Multiple concurrent tool calls can each have their own progress token. The client uses the token to route incoming progress notifications to the right call. If you have two parallel file-processing tools running simultaneously, each has a unique token, and their progress events are independent. The server simply sends each notification with its respective token.

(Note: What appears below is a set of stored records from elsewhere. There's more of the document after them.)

definition attacked ::
  "'v set \<Rightarrow> 's set \<Rightarrow> ('v \<Rightarrow> 's \<Rightarrow> real) \<Rightarrow> ('s \<Rightarrow> real) \<Rightarrow> ('v \<Rightarrow> 's \<Rightarrow> real) \<Rightarrow> 's set" where
  "attacked V S w \<theta> \<alpha> = {s\<in>S. (\<Sum>v\<in>V. \<alpha> v s) \<ge> \<theta> s * (\<Sum>v\<in>V. w v s)}"

definition attack_cost ::
  "'v set \<Rightarrow> 's set \<Rightarrow> ('v \<Rightarrow> real) \<Rightarrow> ('v \<Rightarrow> 's \<Rightarrow> real) \<Rightarrow> ('s \<Rightarrow> real)
   \<Rightarrow> ('v \<Rightarrow> 's \<Rightarrow> real) \<Rightarrow> real" where
  "attack_cost V S \<sigma> w \<theta> \<alpha> =
     (\<Sum>v\<in>V. min (\<sigma> v) (\<Sum>s\<in>attacked V S w \<theta> \<alpha>. \<alpha> v s))"

definition attack_prize ::
  "'v set \<Rightarrow> 's set \<Rightarrow> ('v \<Rightarrow> 's \<Rightarrow> real) \<Rightarrow> ('s \<Rightarrow> real) \<Rightarrow> ('s \<Rightarrow> real)
   \<Rightarrow> ('v \<Rightarrow> 's \<Rightarrow> real) \<Rightarrow> real" where
  "attack_prize V S w \<theta> \<pi> \<alpha> = (\<Sum>s\<in>attacked V S w \<theta> \<alpha>. \<pi> s)"

definition tight_attack ::
  "'v set \<Rightarrow> 's set \<Rightarrow> ('v \<Rightarrow> 's \<Rightarrow> real) \<Rightarrow> ('s \<Rightarrow> real) \<Rightarrow> ('s \<Rightarrow> real) \<Rightarrow> real
   \<Rightarrow> ('v \<Rightarrow> 's \<Rightarrow> real) \<Rightarrow> bool" where
  "tight_attack V S w \<theta> ws \<theta>0 \<alpha> \<longleftrightarrow>
     (\<forall>s\<in>attacked V S w \<theta> \<alpha>. (\<Sum>v\<in>V. \<alpha> v s) = \<theta>0 * real (card V) * ws s)"

text \<open>Consolidated attack with respect to an ordering ord : {1..m} -> V (a bijection).\<close>

definition consolidated_attack ::
  "'v set \<Rightarrow> 's set \<Rightarrow> ('v \<Rightarrow> 's \<Rightarrow> real) \<Rightarrow> ('s \<Rightarrow> real) \<Rightarrow> ('s \<Rightarrow> real) \<Rightarrow> real
   \<Rightarrow> (nat \<Rightarrow> 'v) \<Rightarrow> ('v \<Rightarrow> 's \<Rightarrow> real) \<Rightarrow> bool" where
  "consolidated_attack V S w \<theta> ws \<theta>0 ord \<alpha> \<longleftrightarrow>
     (let m = card V; k = nat \<lfloor>\<theta>0 * real m\<rfloor> in
      \<forall>s\<in>attacked V S w \<theta> \<alpha>. \<forall>i\<in>{1..m}.
        \<alpha> (ord i) s =
          (if i \<le> k then ws s
           else if i = k + 1 then (\<theta>0 * real m - of_int \<lfloor>\<theta>0 * real m\<rfloor>) * ws s
           else 0))"

end

theory Submission
  imports Defs
begin

text \<open>Let \<open>A\<close> be the set of services attacked by the tight attack, \<open>W = \<Sum>s\<in>A. w(s)\<close> and
  \<open>x(v) = \<Sum>s\<in>A. \<alpha>(v,s)\<close>, so that \<open>0 \<le> x(v) \<le> W\<close> and, by tightness, \<open>\<Sum>v. x(v) = \<theta>m W\<close>.
  Putting the same consolidated profile on every service of \<open>A\<close> attacks exactly \<open>A\<close>, and its cost is
  \<open>\<lfloor>\<theta>m\<rfloor> min(\<sigma>,W) + min(\<sigma>, (\<theta>m - \<lfloor>\<theta>m\<rfloor>) W)\<close>. This is the least value of \<open>\<Sum>v. min(\<sigma>, x(v))\<close>
  over all such \<open>x\<close>: validators with \<open>x(v) \<ge> \<sigma>\<close> each pay \<open>\<sigma>\<close>, and the others pay their whole
  share, which together is at least what the remaining full portions \<open>W\<close> would cost.\<close>

definition consolidation_weight :: "real \<Rightarrow> nat \<Rightarrow> real" where
  "consolidation_weight t i =
     (if i \<le> nat \<lfloor>t\<rfloor> then 1 else if i = nat \<lfloor>t\<rfloor> + 1 then t - of_int \<lfloor>t\<rfloor> else 0)"

lemma consolidation_weight_bounds:
  "0 \<le> consolidation_weight t i \<and> consolidation_weight t i \<le> 1"
proof -
  have "0 \<le> t - of_int \<lfloor>t\<rfloor>" "t - of_int \<lfloor>t\<rfloor> \<le> 1"
    by linarith+
  then show ?thesis
    by (simp add: consolidation_weight_def)
qed

lemma sum_step_profile:
  fixes a b :: real
  assumes "k \<le> m"
  shows "(\<Sum>i\<in>{1..m}. if i \<le> k then a else if i = k + 1 then b else 0)
         = real k * a + (if k < m then b else 0)"
  using assms
proof (induction m)
  case 0
  then show ?case by simp
next
  case (Suc m)
  show ?case
  proof (cases "k \<le> m")
    case True
    then show ?thesis using Suc.IH by auto
  next
    case False
    with Suc.prems have "k = Suc m" by simp
    then have "(\<Sum>i\<in>{1..Suc m}. if i \<le> k then a else if i = k + 1 then b else 0)
             = (\<Sum>i\<in>{1..Suc m}. a)"
      by (intro sum.cong) auto
    with \<open>k = Suc m\<close> show ?thesis by simp
  qed
qed

lemma sum_consolidation_weight_image:
  fixes g :: "real \<Rightarrow> real"
  assumes "g 0 = 0" "0 \<le> t" "t \<le> real m"
  shows "(\<Sum>i\<in>{1..m}. g (consolidation_weight t i))
         = real (nat \<lfloor>t\<rfloor>) * g 1 + g (t - of_int \<lfloor>t\<rfloor>)"
proof -
  define k where "k = nat \<lfloor>t\<rfloor>"
  have "k \<le> m"
    unfolding k_def using assms(3) by (simp add: nat_le_iff floor_le_iff)
  \<comment> \<open>When \<open>k = m\<close> there is no \<open>(k+1)\<close>-st validator, but then the fractional part vanishes.\<close>
  have frac: "g (t - of_int \<lfloor>t\<rfloor>) = (if k < m then g (t - of_int \<lfloor>t\<rfloor>) else 0)"
  proof (cases "k < m")
    case False
    with \<open>k \<le> m\<close> have "\<lfloor>t\<rfloor> = int m"
      using assms(2) unfolding k_def by (auto simp: nat_eq_iff)
    with assms(3) have "t - of_int \<lfloor>t\<rfloor> = 0"
      by linarith
    with False assms(1) show ?thesis
      by simp
  qed simp
  have "(\<Sum>i\<in>{1..m}. g (consolidation_weight t i))
        = (\<Sum>i\<in>{1..m}. if i \<le> k then g 1 else if i = k + 1 then g (t - of_int \<lfloor>t\<rfloor>) else 0)"
    using assms(1) by (intro sum.cong) (auto simp: consolidation_weight_def k_def)
  also have "\<dots> = real k * g 1 + g (t - of_int \<lfloor>t\<rfloor>)"
    using sum_step_profile[OF \<open>k \<le> m\<close>] frac by simp
  finally show ?thesis unfolding k_def .
qed

lemma sum_consolidation_weight:
  assumes "0 \<le> t" "t \<le> real m"
  shows "(\<Sum>i\<in>{1..m}. consolidation_weight t i) = t"
  using sum_consolidation_weight_image[of "\<lambda>c. c", OF _ assms] assms(1) by simp

lemma sum_min_ge_capped:
  fixes x :: "'v \<Rightarrow> real"
  assumes "finite V" and x_bounds: "\<forall>v\<in>V. 0 \<le> x v \<and> x v \<le> W" and "0 \<le> \<sigma>"
    and total: "(\<Sum>v\<in>V. x v) = real k * W + c"
  shows "real k * min \<sigma> W + min \<sigma> c \<le> (\<Sum>v\<in>V. min \<sigma> (x v))"
proof (cases "W \<le> \<sigma>")
  case True
  then have "(\<Sum>v\<in>V. min \<sigma> (x v)) = (\<Sum>v\<in>V. x v)"
    using x_bounds by (intro sum.cong) auto
  with True total show ?thesis by simp
next
  case False
  define B where "B = {v\<in>V. \<sigma> \<le> x v}"
  have "B \<subseteq> V" by (auto simp: B_def)
  have capped: "(\<Sum>v\<in>V. min \<sigma> (x v)) = real (card B) * \<sigma> + (\<Sum>v\<in>V - B. x v)"
  proof -
    have "(\<Sum>v\<in>V. min \<sigma> (x v)) = (\<Sum>v\<in>B. min \<sigma> (x v)) + (\<Sum>v\<in>V - B. min \<sigma> (x v))"
      using sum.subset_diff[OF \<open>B \<subseteq> V\<close> \<open>finite V\<close>, of "\<lambda>v. min \<sigma> (x v)"] by linarith
    also have "(\<Sum>v\<in>V - B. min \<sigma> (x v)) = (\<Sum>v\<in>V - B. x v)"
      by (intro sum.cong) (auto simp: B_def)
    finally show ?thesis by (simp add: B_def)
  qed
  have "(\<Sum>v\<in>V. x v) = (\<Sum>v\<in>B. x v) + (\<Sum>v\<in>V - B. x v)"
    using sum.subset_diff[OF \<open>B \<subseteq> V\<close> \<open>finite V\<close>, of x] by linarith
  moreover have "(\<Sum>v\<in>B. x v) \<le> real (card B) * W"
    using sum_bounded_above[of B x W] x_bounds \<open>B \<subseteq> V\<close> by auto
  ultimately have rest: "real k * W + c - real (card B) * W \<le> (\<Sum>v\<in>V - B. x v)"
    using total by linarith
  have "0 \<le> (\<Sum>v\<in>V - B. x v)"
    using x_bounds by (intro sum_nonneg) auto
  have "min \<sigma> W = \<sigma>" "min \<sigma> c \<le> \<sigma>" "min \<sigma> c \<le> c"
    using False by auto
  show ?thesis
  proof (cases "k < card B")
    case True
    then have "real k * \<sigma> + \<sigma> \<le> real (card B) * \<sigma>"
      using \<open>0 \<le> \<sigma>\<close> mult_right_mono[of "real k + 1" "real (card B)" \<sigma>]
      by (simp add: distrib_right)
    with capped \<open>0 \<le> (\<Sum>v\<in>V - B. x v)\<close> \<open>min \<sigma> W = \<sigma>\<close> \<open>min \<sigma> c \<le> \<sigma>\<close>
    show ?thesis by linarith
  next
    case False
    then have "real k * \<sigma> - real (card B) * \<sigma> \<le> real k * W - real (card B) * W"
      using \<open>\<not> W \<le> \<sigma>\<close> mult_left_mono[of \<sigma> W "real k - real (card B)"]
      by (simp add: left_diff_distrib)
    with capped rest \<open>min \<sigma> W = \<sigma>\<close> \<open>min \<sigma> c \<le> c\<close>
    show ?thesis by linarith
  qed
qed

lemma sum_min_consolidation_weight_le:
  fixes x :: "'v \<Rightarrow> real"
  assumes "finite V" "\<forall>v\<in>V. 0 \<le> x v \<and> x v \<le> W" "0 \<le> \<sigma>"
    and "0 \<le> t" "t \<le> real (card V)" "(\<Sum>v\<in>V. x v) = t * W"
  shows "(\<Sum>i\<in>{1..card V}. min \<sigma> (consolidation_weight t i * W)) \<le> (\<Sum>v\<in>V. min \<sigma> (x v))"
proof -
  have "(\<Sum>i\<in>{1..card V}. min \<sigma> (consolidation_weight t i * W))
        = real (nat \<lfloor>t\<rfloor>) * min \<sigma> W + min \<sigma> ((t - of_int \<lfloor>t\<rfloor>) * W)"
    using sum_consolidation_weight_image[of "\<lambda>c. min \<sigma> (c * W)"] assms(3-5) by simp
  also have "\<dots> \<le> (\<Sum>v\<in>V. min \<sigma> (x v))"
    using assms(4,6) by (intro sum_min_ge_capped[OF assms(1-3)]) (simp add: algebra_simps)
  finally show ?thesis .
qed

locale tight_symmetric_attack =
  fixes V :: "'v set" and S :: "'s set"
    and \<sigma> :: "'v \<Rightarrow> real" and w :: "'v \<Rightarrow> 's \<Rightarrow> real"
    and \<theta> :: "'s \<Rightarrow> real" and \<pi> :: "'s \<Rightarrow> real"
    and \<sigma>0 :: real and ws :: "'s \<Rightarrow> real" and \<theta>0 :: real
    and \<alpha>t :: "'v \<Rightarrow> 's \<Rightarrow> real" and ord :: "nat \<Rightarrow> 'v"
  assumes symmetric: "symmetric_network V S \<sigma> w \<theta> \<pi> \<sigma>0 ws \<theta>0"
    and attack: "is_attack V S w \<alpha>t"
    and tight: "tight_attack V S w \<theta> ws \<theta>0 \<alpha>t"
    and ord_bij: "bij_betw ord {1..card V} V"
begin

lemma
  shows V_finite: "finite V"
    and stake: "v \<in> V \<Longrightarrow> \<sigma> v = \<sigma>0"
    and stake_pos: "0 < \<sigma>0"
    and allocation: "v \<in> V \<Longrightarrow> s \<in> S \<Longrightarrow> w v s = ws s"
    and allocation_nonneg: "s \<in> S \<Longrightarrow> 0 \<le> ws s"
    and threshold: "s \<in> S \<Longrightarrow> \<theta> s = \<theta>0"
    and threshold_bounds: "s \<in> S \<Longrightarrow> 0 \<le> \<theta>0 \<and> \<theta>0 \<le> 1"
    and attack_bounds: "v \<in> V \<Longrightarrow> s \<in> S \<Longrightarrow> 0 \<le> \<alpha>t v s \<and> \<alpha>t v s \<le> ws s"
  using symmetric attack unfolding symmetric_network_def restaking_network_def is_attack_def
  by (metis all_not_in_conv)+

definition targets :: "'s set" where
  "targets = attacked V S w \<theta> \<alpha>t"

definition rank :: "'v \<Rightarrow> nat" where
  "rank = the_inv_into {1..card V} ord"

definition consolidated :: "'v \<Rightarrow> 's \<Rightarrow> real" where
  "consolidated v s =
     (if s \<in> targets then consolidation_weight (\<theta>0 * real (card V)) (rank v) * ws s else 0)"

lemma targets_subset: "targets \<subseteq> S"
  by (auto simp: targets_def attacked_def)

lemma sum_allocation: "s \<in> S \<Longrightarrow> (\<Sum>v\<in>V. w v s) = real (card V) * ws s"
  by (simp add: allocation)

lemma mem_attacked_iff:
  "s \<in> attacked V S w \<theta> \<alpha> \<longleftrightarrow> s \<in> S \<and> \<theta>0 * real (card V) * ws s \<le> (\<Sum>v\<in>V. \<alpha> v s)"
  by (auto simp: attacked_def threshold sum_allocation)

lemma sum_targets: "s \<in> targets \<Longrightarrow> (\<Sum>v\<in>V. \<alpha>t v s) = \<theta>0 * real (card V) * ws s"
  using tight by (simp add: tight_attack_def targets_def)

TypeScript — bulk file processing with progress notificationsserver.tool(
  'bulk_process_files',
  { directory: z.string(), pattern: z.string().default('**/*.ts') },
  async ({ directory, pattern }, { meta }) => {
    const files = await glob(pattern, { cwd: directory });
    const progressToken = meta?.progressToken;
    const results: string[] = [];

    for (let i = 0; i < files.length; i++) {
      const file = files[i];

      // Send progress notification only if the client wants it
      if (progressToken !== undefined) {
        await server.server.sendProgress({
          progressToken,
          progress: i + 1,
          total: files.length,
          message: `Processing ${file} (${i + 1}/${files.length})`
        });
      }

      const analysis = await analyzeFile(path.join(directory, file));
      results.push(
        `${file}: ${analysis.linesOfCode} lines, complexity ${analysis.cyclomaticComplexity}`
      );
    }

    return {
      content: [{
        type: 'text',
        text: `Processed ${files.length} files:\n\n${results.join('\n')}`
      }]
    };
  }
);

From the client side, progress tokens are created by the caller and injected into the request's _meta field. In practice with Claude Desktop and similar hosts, the host manages token generation and display automatically. When building your own MCP client, you allocate tokens from a counter or UUID generator, subscribe to progress notifications filtered by that token, and update your UI accordingly. When the tool call completes (whether success or error), the token's lifecycle ends.

ℹ️
Progress tokens are a capability, not a requirement. The host may not provide a token even for long-running tools. Write your handlers to work correctly whether or not a token is present. The pattern if (progressToken !== undefined) { await sendProgress(...); } is the correct guard — not a null check, because an integer 0 is a valid token.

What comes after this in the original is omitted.